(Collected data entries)
━━━━━━━━━━━━━━━━━━━━━━━━━━━━━━
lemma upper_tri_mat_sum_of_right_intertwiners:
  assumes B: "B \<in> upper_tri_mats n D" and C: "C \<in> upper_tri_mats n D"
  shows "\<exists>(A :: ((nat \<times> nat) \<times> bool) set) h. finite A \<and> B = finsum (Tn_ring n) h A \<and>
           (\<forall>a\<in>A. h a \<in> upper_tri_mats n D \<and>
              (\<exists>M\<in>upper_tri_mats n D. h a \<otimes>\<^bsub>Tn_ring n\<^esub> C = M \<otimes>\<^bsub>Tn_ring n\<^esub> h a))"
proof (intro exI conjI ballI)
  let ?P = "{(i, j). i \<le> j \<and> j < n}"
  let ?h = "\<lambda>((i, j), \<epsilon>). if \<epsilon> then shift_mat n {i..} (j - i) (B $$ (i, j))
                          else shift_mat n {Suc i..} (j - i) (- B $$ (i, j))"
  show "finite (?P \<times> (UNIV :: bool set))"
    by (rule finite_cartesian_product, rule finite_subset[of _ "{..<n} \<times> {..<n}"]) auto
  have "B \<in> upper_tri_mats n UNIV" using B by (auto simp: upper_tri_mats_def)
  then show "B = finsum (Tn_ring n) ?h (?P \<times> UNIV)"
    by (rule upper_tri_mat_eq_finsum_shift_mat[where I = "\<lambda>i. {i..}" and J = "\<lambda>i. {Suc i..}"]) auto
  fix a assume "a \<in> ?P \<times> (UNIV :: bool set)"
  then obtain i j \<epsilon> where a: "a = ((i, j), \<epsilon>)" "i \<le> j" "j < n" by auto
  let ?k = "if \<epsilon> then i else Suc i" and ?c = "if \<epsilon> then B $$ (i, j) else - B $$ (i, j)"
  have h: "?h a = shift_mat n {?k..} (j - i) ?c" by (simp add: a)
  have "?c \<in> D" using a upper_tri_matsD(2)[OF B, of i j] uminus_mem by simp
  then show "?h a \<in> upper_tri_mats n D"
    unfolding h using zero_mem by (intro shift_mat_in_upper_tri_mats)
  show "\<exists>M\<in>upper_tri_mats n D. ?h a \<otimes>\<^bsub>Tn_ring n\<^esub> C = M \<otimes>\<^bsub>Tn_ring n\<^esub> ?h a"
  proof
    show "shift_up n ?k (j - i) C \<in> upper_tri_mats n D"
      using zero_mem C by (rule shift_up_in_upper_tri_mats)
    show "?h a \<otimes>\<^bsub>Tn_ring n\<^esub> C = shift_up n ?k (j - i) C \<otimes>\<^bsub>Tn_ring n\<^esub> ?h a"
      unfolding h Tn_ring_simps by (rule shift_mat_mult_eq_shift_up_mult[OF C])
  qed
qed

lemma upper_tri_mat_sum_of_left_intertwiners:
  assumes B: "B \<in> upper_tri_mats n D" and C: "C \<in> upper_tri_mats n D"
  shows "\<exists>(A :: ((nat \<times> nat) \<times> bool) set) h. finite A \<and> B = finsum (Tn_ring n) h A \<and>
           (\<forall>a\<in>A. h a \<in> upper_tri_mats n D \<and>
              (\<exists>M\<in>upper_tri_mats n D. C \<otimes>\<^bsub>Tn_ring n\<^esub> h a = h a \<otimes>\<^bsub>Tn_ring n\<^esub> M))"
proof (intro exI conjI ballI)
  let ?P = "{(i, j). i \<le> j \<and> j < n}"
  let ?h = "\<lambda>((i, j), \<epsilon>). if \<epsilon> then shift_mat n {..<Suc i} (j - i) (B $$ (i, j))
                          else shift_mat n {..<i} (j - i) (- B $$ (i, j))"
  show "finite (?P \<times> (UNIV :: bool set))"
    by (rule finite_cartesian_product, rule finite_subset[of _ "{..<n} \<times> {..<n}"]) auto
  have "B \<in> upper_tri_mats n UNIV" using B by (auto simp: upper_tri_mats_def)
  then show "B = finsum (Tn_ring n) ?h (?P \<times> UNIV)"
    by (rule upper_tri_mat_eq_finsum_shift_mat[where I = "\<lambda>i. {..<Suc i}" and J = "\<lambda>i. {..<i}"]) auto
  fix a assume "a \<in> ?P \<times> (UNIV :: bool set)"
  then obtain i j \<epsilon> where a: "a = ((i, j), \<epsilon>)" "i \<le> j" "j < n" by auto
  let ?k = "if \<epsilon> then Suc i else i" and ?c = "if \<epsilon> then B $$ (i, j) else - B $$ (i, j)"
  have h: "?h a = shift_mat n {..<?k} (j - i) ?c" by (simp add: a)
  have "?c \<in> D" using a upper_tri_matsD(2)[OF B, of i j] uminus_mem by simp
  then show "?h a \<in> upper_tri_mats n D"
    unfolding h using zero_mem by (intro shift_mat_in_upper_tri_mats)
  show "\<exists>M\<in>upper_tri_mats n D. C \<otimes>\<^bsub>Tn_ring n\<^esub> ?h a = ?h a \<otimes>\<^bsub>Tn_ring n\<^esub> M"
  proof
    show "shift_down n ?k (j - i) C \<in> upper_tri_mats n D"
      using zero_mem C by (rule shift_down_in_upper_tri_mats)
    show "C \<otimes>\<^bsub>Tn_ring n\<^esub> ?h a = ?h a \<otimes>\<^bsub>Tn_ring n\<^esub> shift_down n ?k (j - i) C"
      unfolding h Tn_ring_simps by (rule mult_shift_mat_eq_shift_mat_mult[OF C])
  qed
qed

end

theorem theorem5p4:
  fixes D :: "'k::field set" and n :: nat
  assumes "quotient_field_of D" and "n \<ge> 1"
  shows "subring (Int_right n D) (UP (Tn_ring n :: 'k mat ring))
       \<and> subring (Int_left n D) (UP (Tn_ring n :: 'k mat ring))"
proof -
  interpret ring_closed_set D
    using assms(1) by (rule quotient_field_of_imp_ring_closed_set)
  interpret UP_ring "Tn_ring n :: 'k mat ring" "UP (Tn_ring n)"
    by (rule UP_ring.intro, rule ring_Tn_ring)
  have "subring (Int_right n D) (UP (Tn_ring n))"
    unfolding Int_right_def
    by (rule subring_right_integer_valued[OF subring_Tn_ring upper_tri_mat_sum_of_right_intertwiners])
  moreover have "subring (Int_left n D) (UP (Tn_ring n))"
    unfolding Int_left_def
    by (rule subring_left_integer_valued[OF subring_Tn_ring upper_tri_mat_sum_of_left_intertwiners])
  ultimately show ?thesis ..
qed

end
━━━━━━━━━━━━━━━━━━━━━━━━━━━━━━
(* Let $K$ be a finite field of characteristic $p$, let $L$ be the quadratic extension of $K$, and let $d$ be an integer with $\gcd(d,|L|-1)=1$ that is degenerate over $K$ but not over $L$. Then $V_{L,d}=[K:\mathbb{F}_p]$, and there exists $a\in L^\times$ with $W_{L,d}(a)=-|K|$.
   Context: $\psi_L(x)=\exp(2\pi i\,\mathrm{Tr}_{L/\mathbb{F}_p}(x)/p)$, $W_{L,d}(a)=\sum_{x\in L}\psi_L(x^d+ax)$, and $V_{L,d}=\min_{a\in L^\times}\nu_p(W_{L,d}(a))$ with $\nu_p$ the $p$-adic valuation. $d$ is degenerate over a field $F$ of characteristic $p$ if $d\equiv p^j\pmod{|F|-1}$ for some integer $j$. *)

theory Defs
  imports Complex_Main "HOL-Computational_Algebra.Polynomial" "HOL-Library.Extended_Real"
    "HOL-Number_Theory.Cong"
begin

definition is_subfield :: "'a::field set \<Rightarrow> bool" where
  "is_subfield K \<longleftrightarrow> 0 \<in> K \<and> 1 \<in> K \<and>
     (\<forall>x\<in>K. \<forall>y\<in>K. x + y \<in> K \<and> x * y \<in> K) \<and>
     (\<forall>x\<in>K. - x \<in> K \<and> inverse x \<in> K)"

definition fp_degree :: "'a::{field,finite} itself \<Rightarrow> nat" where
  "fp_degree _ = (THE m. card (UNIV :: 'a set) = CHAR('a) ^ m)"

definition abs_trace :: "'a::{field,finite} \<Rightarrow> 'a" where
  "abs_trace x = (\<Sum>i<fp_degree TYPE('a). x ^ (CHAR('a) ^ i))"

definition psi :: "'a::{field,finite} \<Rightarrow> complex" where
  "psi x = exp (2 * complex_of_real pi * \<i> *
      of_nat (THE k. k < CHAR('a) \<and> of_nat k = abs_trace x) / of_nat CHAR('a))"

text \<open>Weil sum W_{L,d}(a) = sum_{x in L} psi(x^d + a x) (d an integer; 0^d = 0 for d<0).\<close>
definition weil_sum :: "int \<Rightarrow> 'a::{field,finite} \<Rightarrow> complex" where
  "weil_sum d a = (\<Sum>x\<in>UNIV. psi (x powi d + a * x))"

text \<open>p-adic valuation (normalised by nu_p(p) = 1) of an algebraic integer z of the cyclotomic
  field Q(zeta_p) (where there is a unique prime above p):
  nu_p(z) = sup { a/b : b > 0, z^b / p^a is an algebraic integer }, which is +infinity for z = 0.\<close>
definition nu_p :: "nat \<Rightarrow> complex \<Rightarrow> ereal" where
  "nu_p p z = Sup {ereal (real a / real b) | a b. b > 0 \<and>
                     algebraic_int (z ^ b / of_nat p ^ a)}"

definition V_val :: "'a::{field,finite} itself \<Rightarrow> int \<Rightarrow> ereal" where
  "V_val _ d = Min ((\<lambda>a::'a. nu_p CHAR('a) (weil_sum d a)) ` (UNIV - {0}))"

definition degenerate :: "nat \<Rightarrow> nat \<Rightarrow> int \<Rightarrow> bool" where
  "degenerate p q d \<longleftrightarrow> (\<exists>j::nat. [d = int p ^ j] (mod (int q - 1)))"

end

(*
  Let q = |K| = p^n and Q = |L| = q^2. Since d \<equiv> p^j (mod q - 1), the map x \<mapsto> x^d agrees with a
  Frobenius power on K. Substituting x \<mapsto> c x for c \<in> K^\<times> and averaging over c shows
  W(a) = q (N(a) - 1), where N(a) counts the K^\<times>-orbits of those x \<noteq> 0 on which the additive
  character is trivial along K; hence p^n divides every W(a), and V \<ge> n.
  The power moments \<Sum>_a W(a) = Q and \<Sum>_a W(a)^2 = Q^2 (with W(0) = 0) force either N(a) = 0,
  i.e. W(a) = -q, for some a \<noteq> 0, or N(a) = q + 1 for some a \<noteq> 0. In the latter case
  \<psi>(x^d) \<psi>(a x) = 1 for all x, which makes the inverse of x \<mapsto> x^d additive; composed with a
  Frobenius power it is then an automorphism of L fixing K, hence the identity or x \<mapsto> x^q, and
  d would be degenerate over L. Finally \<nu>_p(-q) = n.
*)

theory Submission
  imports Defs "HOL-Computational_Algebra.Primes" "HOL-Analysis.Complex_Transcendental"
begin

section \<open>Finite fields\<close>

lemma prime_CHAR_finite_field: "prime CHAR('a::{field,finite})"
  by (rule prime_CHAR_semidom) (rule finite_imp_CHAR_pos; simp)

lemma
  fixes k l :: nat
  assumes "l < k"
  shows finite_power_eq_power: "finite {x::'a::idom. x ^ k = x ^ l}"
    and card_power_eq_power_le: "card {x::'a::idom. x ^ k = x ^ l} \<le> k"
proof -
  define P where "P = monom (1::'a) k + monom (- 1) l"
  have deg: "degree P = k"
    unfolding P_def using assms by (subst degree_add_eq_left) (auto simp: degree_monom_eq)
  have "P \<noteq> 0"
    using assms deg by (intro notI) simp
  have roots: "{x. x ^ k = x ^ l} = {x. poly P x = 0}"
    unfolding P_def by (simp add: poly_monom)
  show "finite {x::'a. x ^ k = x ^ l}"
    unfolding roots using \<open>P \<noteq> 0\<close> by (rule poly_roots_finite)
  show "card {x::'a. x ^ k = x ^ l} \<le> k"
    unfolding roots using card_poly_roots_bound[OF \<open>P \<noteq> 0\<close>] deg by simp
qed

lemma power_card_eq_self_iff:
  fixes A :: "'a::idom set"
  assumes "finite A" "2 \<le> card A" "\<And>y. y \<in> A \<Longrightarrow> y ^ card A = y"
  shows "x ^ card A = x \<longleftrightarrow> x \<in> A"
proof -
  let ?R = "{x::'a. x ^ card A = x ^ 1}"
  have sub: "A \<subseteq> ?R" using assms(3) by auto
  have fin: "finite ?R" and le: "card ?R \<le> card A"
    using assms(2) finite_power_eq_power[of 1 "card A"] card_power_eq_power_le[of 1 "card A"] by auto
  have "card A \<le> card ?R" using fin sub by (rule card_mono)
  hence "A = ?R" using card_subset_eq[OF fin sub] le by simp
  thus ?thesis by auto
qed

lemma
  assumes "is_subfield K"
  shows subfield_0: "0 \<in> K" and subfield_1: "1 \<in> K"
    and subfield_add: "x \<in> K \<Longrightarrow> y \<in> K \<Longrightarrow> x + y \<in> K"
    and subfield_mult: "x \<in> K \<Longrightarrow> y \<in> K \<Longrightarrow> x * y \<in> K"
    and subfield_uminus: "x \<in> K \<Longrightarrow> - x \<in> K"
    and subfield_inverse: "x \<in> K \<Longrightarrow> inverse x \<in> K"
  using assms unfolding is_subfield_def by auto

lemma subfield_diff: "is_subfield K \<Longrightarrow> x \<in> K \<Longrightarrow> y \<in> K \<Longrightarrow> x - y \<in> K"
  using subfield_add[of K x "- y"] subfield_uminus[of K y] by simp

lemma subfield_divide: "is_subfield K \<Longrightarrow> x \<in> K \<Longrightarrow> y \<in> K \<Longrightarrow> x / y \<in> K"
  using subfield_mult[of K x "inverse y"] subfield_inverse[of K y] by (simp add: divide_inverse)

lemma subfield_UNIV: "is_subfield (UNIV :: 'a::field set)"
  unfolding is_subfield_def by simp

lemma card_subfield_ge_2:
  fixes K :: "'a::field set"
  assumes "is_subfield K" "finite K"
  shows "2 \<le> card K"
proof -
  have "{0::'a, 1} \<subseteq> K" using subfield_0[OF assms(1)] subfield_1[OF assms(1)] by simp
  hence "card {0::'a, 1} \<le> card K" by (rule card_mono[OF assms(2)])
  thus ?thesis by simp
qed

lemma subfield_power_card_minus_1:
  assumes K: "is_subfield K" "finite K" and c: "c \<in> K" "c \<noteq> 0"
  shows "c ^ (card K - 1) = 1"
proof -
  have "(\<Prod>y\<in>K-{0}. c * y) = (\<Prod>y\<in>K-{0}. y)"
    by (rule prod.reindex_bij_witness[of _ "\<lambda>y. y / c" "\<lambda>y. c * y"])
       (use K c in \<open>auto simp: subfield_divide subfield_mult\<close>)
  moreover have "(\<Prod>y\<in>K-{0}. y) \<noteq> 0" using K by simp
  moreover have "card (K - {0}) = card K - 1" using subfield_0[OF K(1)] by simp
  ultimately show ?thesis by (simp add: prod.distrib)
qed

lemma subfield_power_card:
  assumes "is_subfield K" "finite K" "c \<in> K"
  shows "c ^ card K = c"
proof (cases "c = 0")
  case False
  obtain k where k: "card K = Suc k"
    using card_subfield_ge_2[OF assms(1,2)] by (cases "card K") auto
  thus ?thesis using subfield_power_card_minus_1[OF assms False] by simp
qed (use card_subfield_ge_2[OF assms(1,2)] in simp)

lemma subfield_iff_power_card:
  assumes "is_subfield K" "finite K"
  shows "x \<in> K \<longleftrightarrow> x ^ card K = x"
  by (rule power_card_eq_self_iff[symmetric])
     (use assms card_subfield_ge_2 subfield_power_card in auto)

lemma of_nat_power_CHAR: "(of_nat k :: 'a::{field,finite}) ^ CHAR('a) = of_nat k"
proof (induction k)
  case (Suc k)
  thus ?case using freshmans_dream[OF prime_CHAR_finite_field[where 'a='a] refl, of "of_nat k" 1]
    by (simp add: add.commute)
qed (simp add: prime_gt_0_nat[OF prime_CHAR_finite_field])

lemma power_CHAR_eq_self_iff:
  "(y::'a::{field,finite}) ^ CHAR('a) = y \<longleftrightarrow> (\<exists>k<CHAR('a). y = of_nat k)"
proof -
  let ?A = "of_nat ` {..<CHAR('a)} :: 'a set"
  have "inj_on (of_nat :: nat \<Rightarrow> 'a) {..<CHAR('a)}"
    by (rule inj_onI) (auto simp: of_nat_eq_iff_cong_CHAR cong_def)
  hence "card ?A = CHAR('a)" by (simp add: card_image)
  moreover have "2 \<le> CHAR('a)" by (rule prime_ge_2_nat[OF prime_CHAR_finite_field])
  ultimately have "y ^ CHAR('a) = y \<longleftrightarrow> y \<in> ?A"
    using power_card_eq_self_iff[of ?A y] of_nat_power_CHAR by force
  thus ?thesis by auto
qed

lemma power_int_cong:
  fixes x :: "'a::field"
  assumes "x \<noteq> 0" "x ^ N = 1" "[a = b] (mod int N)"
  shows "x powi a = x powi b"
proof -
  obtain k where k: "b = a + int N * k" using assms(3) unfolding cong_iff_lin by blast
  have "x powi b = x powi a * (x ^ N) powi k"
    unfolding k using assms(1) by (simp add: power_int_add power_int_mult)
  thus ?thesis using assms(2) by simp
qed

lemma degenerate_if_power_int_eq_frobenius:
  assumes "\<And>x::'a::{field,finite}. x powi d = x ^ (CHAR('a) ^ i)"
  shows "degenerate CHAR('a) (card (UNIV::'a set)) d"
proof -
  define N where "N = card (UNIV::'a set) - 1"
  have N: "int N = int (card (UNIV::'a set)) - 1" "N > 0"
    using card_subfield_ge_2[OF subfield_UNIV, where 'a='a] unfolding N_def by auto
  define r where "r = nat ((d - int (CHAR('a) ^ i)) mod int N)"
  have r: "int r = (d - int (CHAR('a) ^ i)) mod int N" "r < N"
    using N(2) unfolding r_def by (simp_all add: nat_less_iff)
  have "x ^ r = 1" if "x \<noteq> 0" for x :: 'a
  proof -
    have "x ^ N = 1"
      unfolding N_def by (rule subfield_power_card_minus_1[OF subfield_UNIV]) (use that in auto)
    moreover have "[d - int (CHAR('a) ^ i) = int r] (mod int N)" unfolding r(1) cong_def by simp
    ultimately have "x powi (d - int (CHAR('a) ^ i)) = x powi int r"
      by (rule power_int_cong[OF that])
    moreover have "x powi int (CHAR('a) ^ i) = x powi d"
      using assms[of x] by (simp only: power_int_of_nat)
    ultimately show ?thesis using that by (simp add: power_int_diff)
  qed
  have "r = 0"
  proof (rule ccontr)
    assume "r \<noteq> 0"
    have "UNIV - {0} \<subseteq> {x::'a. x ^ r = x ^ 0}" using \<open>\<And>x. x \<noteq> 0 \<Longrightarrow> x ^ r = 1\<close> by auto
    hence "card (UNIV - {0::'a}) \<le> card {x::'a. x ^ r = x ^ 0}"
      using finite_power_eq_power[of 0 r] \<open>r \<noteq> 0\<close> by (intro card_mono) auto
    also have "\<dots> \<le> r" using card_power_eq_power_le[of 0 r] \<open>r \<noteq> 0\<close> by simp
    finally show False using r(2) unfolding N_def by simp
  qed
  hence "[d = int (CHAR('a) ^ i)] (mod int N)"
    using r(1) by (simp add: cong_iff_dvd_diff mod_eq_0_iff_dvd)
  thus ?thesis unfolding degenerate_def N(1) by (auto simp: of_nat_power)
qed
━━━━━━━━━━━━━━━━━━━━━━━━━━━━━━
-- ACTION ITEM --
All lines above from the line with "cong_iff_lin by blast" through the line with "r = (d - int", both included, are to be set down exactly, with nothing else.

-- TASK RESPONSE --
  obtain k where k: "b = a + int N * k" using assms(3) unfolding cong_iff_lin by blast
  have "x powi b = x powi a * (x ^ N) powi k"
    unfolding k using assms(1) by (simp add: power_int_add power_int_mult)
  thus ?thesis using assms(2) by simp
qed

lemma degenerate_if_power_int_eq_frobenius:
  assumes "\<And>x::'a::{field,finite}. x powi d = x ^ (CHAR('a) ^ i)"
  shows "degenerate CHAR('a) (card (UNIV::'a set)) d"
proof -
  define N where "N = card (UNIV::'a set) - 1"
  have N: "int N = int (card (UNIV::'a set)) - 1" "N > 0"
    using card_subfield_ge_2[OF subfield_UNIV, where 'a='a] unfolding N_def by auto
  define r where "r = nat ((d - int (CHAR('a) ^ i)) mod int N)"
  have r: "int r = (d - int (CHAR('a) ^ i)) mod int N" "r < N"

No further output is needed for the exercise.